BLAS is not just OpenBLAS: it's NETLIB, ATLAS, BLIS, IBM ESSL, Intel MKL, Eigen, and others. We, and other vendors adding low-precision features, were and are trying to ensure compatibility across the spectrum of packages.

Martin, Guobing, and Conrad are welcome to contact ICL, join the conversation and help to coordinate this space. Pointing fingers and recommending unilateral action is not productive.

martin-frbg commented 4 years ago

https://github.com/xianyi/OpenBLAS/issues/2767#issuecomment-671896840 is certainly open to (mis)interpretation. I had hoped that the naming would have been agreed on (and perhaps publicized in whatever the usual manner, if any) by "vendors" and other interested parties by the time the contribution got merged, and not have this devolve into a company grandstanding contest before the new functionality got even one user. Keeping the number of unresolved technical issues in check is hard enough as it is.

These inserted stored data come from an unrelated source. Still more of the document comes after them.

(* Let $X$ be a Banach lattice with order continuous norm and $S$ a convex $C_0$-semigroup on $X$. Suppose that $S'_+(t,x)y=S'_-(t,x)y$ for some $x,y\in X$ and some $t\ge0$. Then the maps $[0,\infty)\to X$, $s\mapsto S'_\pm(s,x)y$ are continuous at $t$. In particular, $\lim_{s\downarrow0}S'_\pm(s,x)y=y$.
   Context: A Banach lattice $X$ has order continuous norm if $\|x_\alpha\|\to0$ for every net $x_\alpha\downarrow0$. An operator $T\colon X\to X$ is convex if $T(\lambda x+(1-\lambda)y)\le\lambda Tx+(1-\lambda)Ty$, bounded if $\sup_{\|x\|\le r}\|Tx\|<\infty$ for all $r>0$. A convex $C_0$-semigroup is a family $(S(t))_{t\ge0}$ of bounded convex operators $X\to X$ with $S(0)=\mathrm{id}$, $S(t+s)=S(t)S(s)$, and $S(t)x\to x$ as $t\downarrow0$. For $t\ge0$, $x,y\in X$: $S'_+(t,x)y:=\inf_{h>0}\frac{S(t)(x+hy)-S(t)x}{h}$ and $S'_-(t,x)y:=\sup_{h<0}\frac{S(t)(x+hy)-S(t)x}{h}$ (lattice infimum/supremum, which exist in $X$). *)

theory Defs
  imports "HOL-Analysis.Analysis"
begin

definition lat_abs :: "'a::{ordered_real_vector, lattice} \<Rightarrow> 'a" where
  "lat_abs x = sup x (- x)"

definition banach_lattice :: "'a::{banach, ordered_real_vector, lattice} itself \<Rightarrow> bool" where
  "banach_lattice _ \<longleftrightarrow>
     (\<forall>x y::'a. lat_abs x \<le> lat_abs y \<longrightarrow> norm x \<le> norm y)"

definition is_lat_inf :: "'a::order set \<Rightarrow> 'a \<Rightarrow> bool" where
  "is_lat_inf A z \<longleftrightarrow> (\<forall>a\<in>A. z \<le> a) \<and> (\<forall>w. (\<forall>a\<in>A. w \<le> a) \<longrightarrow> w \<le> z)"

definition is_lat_sup :: "'a::order set \<Rightarrow> 'a \<Rightarrow> bool" where
  "is_lat_sup A z \<longleftrightarrow> (\<forall>a\<in>A. a \<le> z) \<and> (\<forall>w. (\<forall>a\<in>A. a \<le> w) \<longrightarrow> z \<le> w)"

definition lat_Inf :: "'a::order set \<Rightarrow> 'a" where
  "lat_Inf A = (THE z. is_lat_inf A z)"

definition lat_Sup :: "'a::order set \<Rightarrow> 'a" where
  "lat_Sup A = (THE z. is_lat_sup A z)"

text \<open>Order continuous norm: for every net decreasing to 0 the norms tend to 0.
  A net \<open>x\<^sub>\<alpha> \<down> 0\<close> is represented by its range D: a nonempty downward directed
  set with lattice infimum 0, directed by the reverse order; the net is the
  identity on D.\<close>

definition order_continuous_norm :: "'a::{real_normed_vector, ordered_real_vector, lattice} itself \<Rightarrow> bool" where
  "order_continuous_norm _ \<longleftrightarrow>
     (\<forall>D::'a set. D \<noteq> {} \<and> (\<forall>a\<in>D. \<forall>b\<in>D. \<exists>c\<in>D. c \<le> a \<and> c \<le> b) \<and> is_lat_inf D 0
        \<longrightarrow> ((\<lambda>d. norm d) \<longlongrightarrow> 0) (INF d\<in>D. principal {e\<in>D. e \<le> d}))"

definition convex_operator :: "('a::{ordered_real_vector} \<Rightarrow> 'a) \<Rightarrow> bool" where
  "convex_operator T \<longleftrightarrow>
     (\<forall>x y. \<forall>c::real. 0 \<le> c \<and> c \<le> 1 \<longrightarrow>
        T (c *\<^sub>R x + (1 - c) *\<^sub>R y) \<le> c *\<^sub>R T x + (1 - c) *\<^sub>R T y)"

definition bounded_operator :: "('a::real_normed_vector \<Rightarrow> 'a) \<Rightarrow> bool" where
  "bounded_operator T \<longleftrightarrow> (\<forall>r>0. \<exists>C. \<forall>x. norm x \<le> r \<longrightarrow> norm (T x) \<le> C)"

definition convex_C0_semigroup ::
    "(real \<Rightarrow> 'a::{real_normed_vector, ordered_real_vector} \<Rightarrow> 'a) \<Rightarrow> bool" where
  "convex_C0_semigroup S \<longleftrightarrow>
     (\<forall>t\<ge>0. convex_operator (S t) \<and> bounded_operator (S t)) \<and>
     S 0 = id \<and>
     (\<forall>t\<ge>0. \<forall>s\<ge>0. S (t + s) = S t \<circ> S s) \<and>
     (\<forall>x. ((\<lambda>t. S t x) \<longlongrightarrow> x) (at_right 0))"

definition dir_deriv_plus ::
    "(real \<Rightarrow> 'a::{ordered_real_vector, lattice} \<Rightarrow> 'a) \<Rightarrow> real \<Rightarrow> 'a \<Rightarrow> 'a \<Rightarrow> 'a" where
  "dir_deriv_plus S t x y =
     lat_Inf {(1 / h) *\<^sub>R (S t (x + h *\<^sub>R y) - S t x) | h. h > 0}"

definition dir_deriv_minus ::
    "(real \<Rightarrow> 'a::{ordered_real_vector, lattice} \<Rightarrow> 'a) \<Rightarrow> real \<Rightarrow> 'a \<Rightarrow> 'a \<Rightarrow> 'a" where
  "dir_deriv_minus S t x y =
     lat_Sup {(1 / h) *\<^sub>R (S t (x + h *\<^sub>R y) - S t x) | h. h < 0}"

end

(* For a convex operator T the difference quotients h |-> (T (x + h y) - T x) / h are
   increasing in h (they are chord slopes of a convex function), so S'_+(s,x)y and S'_-(s,x)y
   are their lattice infimum over h > 0 and supremum over h < 0.  Order continuity of the norm
   turns these order limits into norm limits, and for every h > 0 both derivatives at time s
   lie between the quotients of S s at -h and at h.  These quotients depend continuously on s
   because the orbits s |-> S s z are continuous; continuity from the left needs that the
   operators S tau with small tau are uniformly bounded near a point (Baire category), hence
   uniformly Lipschitz there.  If S'_+(t,x)y = S'_-(t,x)y, choosing h small and then s close
   to t pinches both derivatives at s to their common value at t.  Since S 0 = id, all
   quotients at s = 0 equal y, which gives the limits at 0. *)

theory Submission
  imports Defs
begin

section \<open>Banach lattices\<close>

lemma nonneg_if_double_nonneg:
  fixes w :: "'a::ordered_real_vector"
  assumes "0 \<le> w + w"
  shows "0 \<le> w"
proof -
  have "0 \<le> (1/2::real) *\<^sub>R (w + w)"
    using assms by (intro scaleR_nonneg_nonneg) simp_all
  also have "(1/2::real) *\<^sub>R (w + w) = w"
    by (simp flip: scaleR_2)
  finally show ?thesis .
qed

lemma lat_abs_le_iff: "lat_abs u \<le> v \<longleftrightarrow> u \<le> v \<and> - u \<le> v"
  by (simp add: lat_abs_def)

lemma lat_abs_ge: "u \<le> lat_abs u" "- u \<le> lat_abs u"
  by (simp_all add: lat_abs_def)

lemma lat_abs_nonneg: "0 \<le> lat_abs z"
proof (rule nonneg_if_double_nonneg)
  have "z + - z \<le> lat_abs z + lat_abs z"
    by (intro add_mono lat_abs_ge)
  then show "0 \<le> lat_abs z + lat_abs z" by simp
qed

lemma lat_abs_eq_self:
  assumes "0 \<le> z"
  shows "lat_abs z = z"
proof -
  have "- z \<le> 0" using assms by simp
  then have "- z \<le> z" using assms by (rule order_trans)
  then show ?thesis unfolding lat_abs_def by (rule sup_absorb1)
qed

lemma lat_abs_minus: "lat_abs (- z) = lat_abs z"
  by (simp add: lat_abs_def sup_commute)

lemma banach_lattice_norm_mono:
  fixes u v :: "'a::{banach, ordered_real_vector, lattice}"
  assumes bl: "banach_lattice TYPE('a)" and "- v \<le> u" "u \<le> v"
  shows "norm u \<le> norm v"
proof -
  have "- v \<le> v" using assms(2,3) by (rule order_trans)
  then have "- v + v \<le> v + v" by (rule add_right_mono)
  then have "0 \<le> v + v" by simp
  then have "0 \<le> v" by (rule nonneg_if_double_nonneg)
  moreover have "lat_abs u \<le> v"
    unfolding lat_abs_le_iff using assms(3) minus_le_iff[THEN iffD1, OF assms(2)] by blast
  ultimately have "lat_abs u \<le> lat_abs v" by (simp add: lat_abs_eq_self)
  then show ?thesis using bl unfolding banach_lattice_def by blast
qed

lemma banach_lattice_norm_lat_abs:
  fixes u :: "'a::{banach, ordered_real_vector, lattice}"
  assumes bl: "banach_lattice TYPE('a)"
  shows "norm (lat_abs u) = norm u"
proof -
  have abs_abs: "lat_abs (lat_abs u) = lat_abs u"
    by (rule lat_abs_eq_self[OF lat_abs_nonneg])
  note mono = bl[unfolded banach_lattice_def, rule_format]
  show ?thesis
    using mono[of "lat_abs u" u] mono[of u "lat_abs u"] by (simp add: abs_abs)
qed

lemma banach_lattice_norm_between:
  fixes a u b :: "'a::{banach, ordered_real_vector, lattice}"
  assumes bl: "banach_lattice TYPE('a)" and "a \<le> u" "u \<le> b"
  shows "norm u \<le> norm a + norm b"
proof -
  have "u \<le> lat_abs b"
    using assms(3) lat_abs_ge(1) by (rule order_trans)
  then have "u \<le> lat_abs a + lat_abs b"
    by (rule add_increasing[OF lat_abs_nonneg])
  moreover have "- u \<le> lat_abs a"
    using neg_le_iff_le[THEN iffD2, OF assms(2)] lat_abs_ge(2) by (rule order_trans)
  then have "- u \<le> lat_abs a + lat_abs b"
    by (rule add_increasing2[OF lat_abs_nonneg])
  then have "- (lat_abs a + lat_abs b) \<le> u"
    by (rule minus_le_iff[THEN iffD1])
  ultimately have "norm u \<le> norm (lat_abs a + lat_abs b)"
    by (intro banach_lattice_norm_mono[OF bl])
  also have "\<dots> \<le> norm a + norm b"
    using norm_triangle_ineq[of "lat_abs a" "lat_abs b"]
    by (simp add: banach_lattice_norm_lat_abs[OF bl])
  finally show ?thesis .
qed

lemma banach_lattice_norm_sup_diff_le:
  fixes z w a :: "'a::{banach, ordered_real_vector, lattice}"
  assumes bl: "banach_lattice TYPE('a)"
  shows "norm (sup z a - sup w a) \<le> norm (z - w)"
proof -
  have sup_le: "sup p a \<le> sup q a + lat_abs (p - q)" for p q :: 'a
  proof (rule sup_least)
    have "p \<le> q + lat_abs (p - q)"
      using lat_abs_ge(1)[of "p - q"] by (simp add: diff_le_eq add.commute)
    also have "\<dots> \<le> sup q a + lat_abs (p - q)"
      by (intro add_right_mono sup_ge1)
    finally show "p \<le> sup q a + lat_abs (p - q)" .
    show "a \<le> sup q a + lat_abs (p - q)"
      by (rule add_increasing2[OF lat_abs_nonneg sup_ge2])
  qed
  have "lat_abs (w - z) = lat_abs (z - w)"
    using lat_abs_minus[of "z - w"] by simp
  then have "norm (sup z a - sup w a) \<le> norm (lat_abs (z - w))"
    using sup_le[of z w] sup_le[of w z]
    by (intro banach_lattice_norm_mono[OF bl]) (auto simp: algebra_simps)
  then show ?thesis by (simp add: banach_lattice_norm_lat_abs[OF bl])
qed

lemma banach_lattice_tendsto_le:
  fixes f :: "'b \<Rightarrow> 'a::{banach, ordered_real_vector, lattice}"
  assumes bl: "banach_lattice TYPE('a)" and lim: "(f \<longlongrightarrow> z) F" and "F \<noteq> bot"
    and "eventually (\<lambda>i. f i \<le> a) F"
  shows "z \<le> a"
proof -
  have "((\<lambda>i. sup (f i) a) \<longlongrightarrow> sup z a) F"
  proof (rule tendstoI)
    fix e :: real assume "0 < e"
    with lim have "eventually (\<lambda>i. dist (f i) z < e) F" by (rule tendstoD)
    then show "eventually (\<lambda>i. dist (sup (f i) a) (sup z a) < e) F"
    proof eventually_elim
      case (elim i)
      have "norm (sup (f i) a - sup z a) \<le> norm (f i - z)"
        by (rule banach_lattice_norm_sup_diff_le[OF bl])
      with elim show ?case by (simp add: dist_norm)
    qed
  qed
  moreover have "((\<lambda>i. sup (f i) a) \<longlongrightarrow> a) F"
    using assms(4) by (rule tendsto_eventually[OF eventually_mono]) (rule sup_absorb2)
  ultimately have "sup z a = a" using \<open>F \<noteq> bot\<close> tendsto_unique by blast
  then show ?thesis by (simp add: le_iff_sup)
qed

quickwritereader commented 4 years ago

Though I'm not entitled to give opinions on these matters, I think the importance of the names and letters choice is irrelevant here. The most important thing is should be having standardized mangled entry names. The ones who want friendly names could write generators to produce. so I believe the OpenBlas team should adopt suggested names and concentrate on performance

edelsohn commented 4 years ago

We thought that the names and semantics for reduced precision that IBM contributed to OpenBLAS had the agreement of ICL. The IBM team will work with OpenBLAS to update the APIs and implementation so that they are compatible with the definitions being adopted by ICL and other packages.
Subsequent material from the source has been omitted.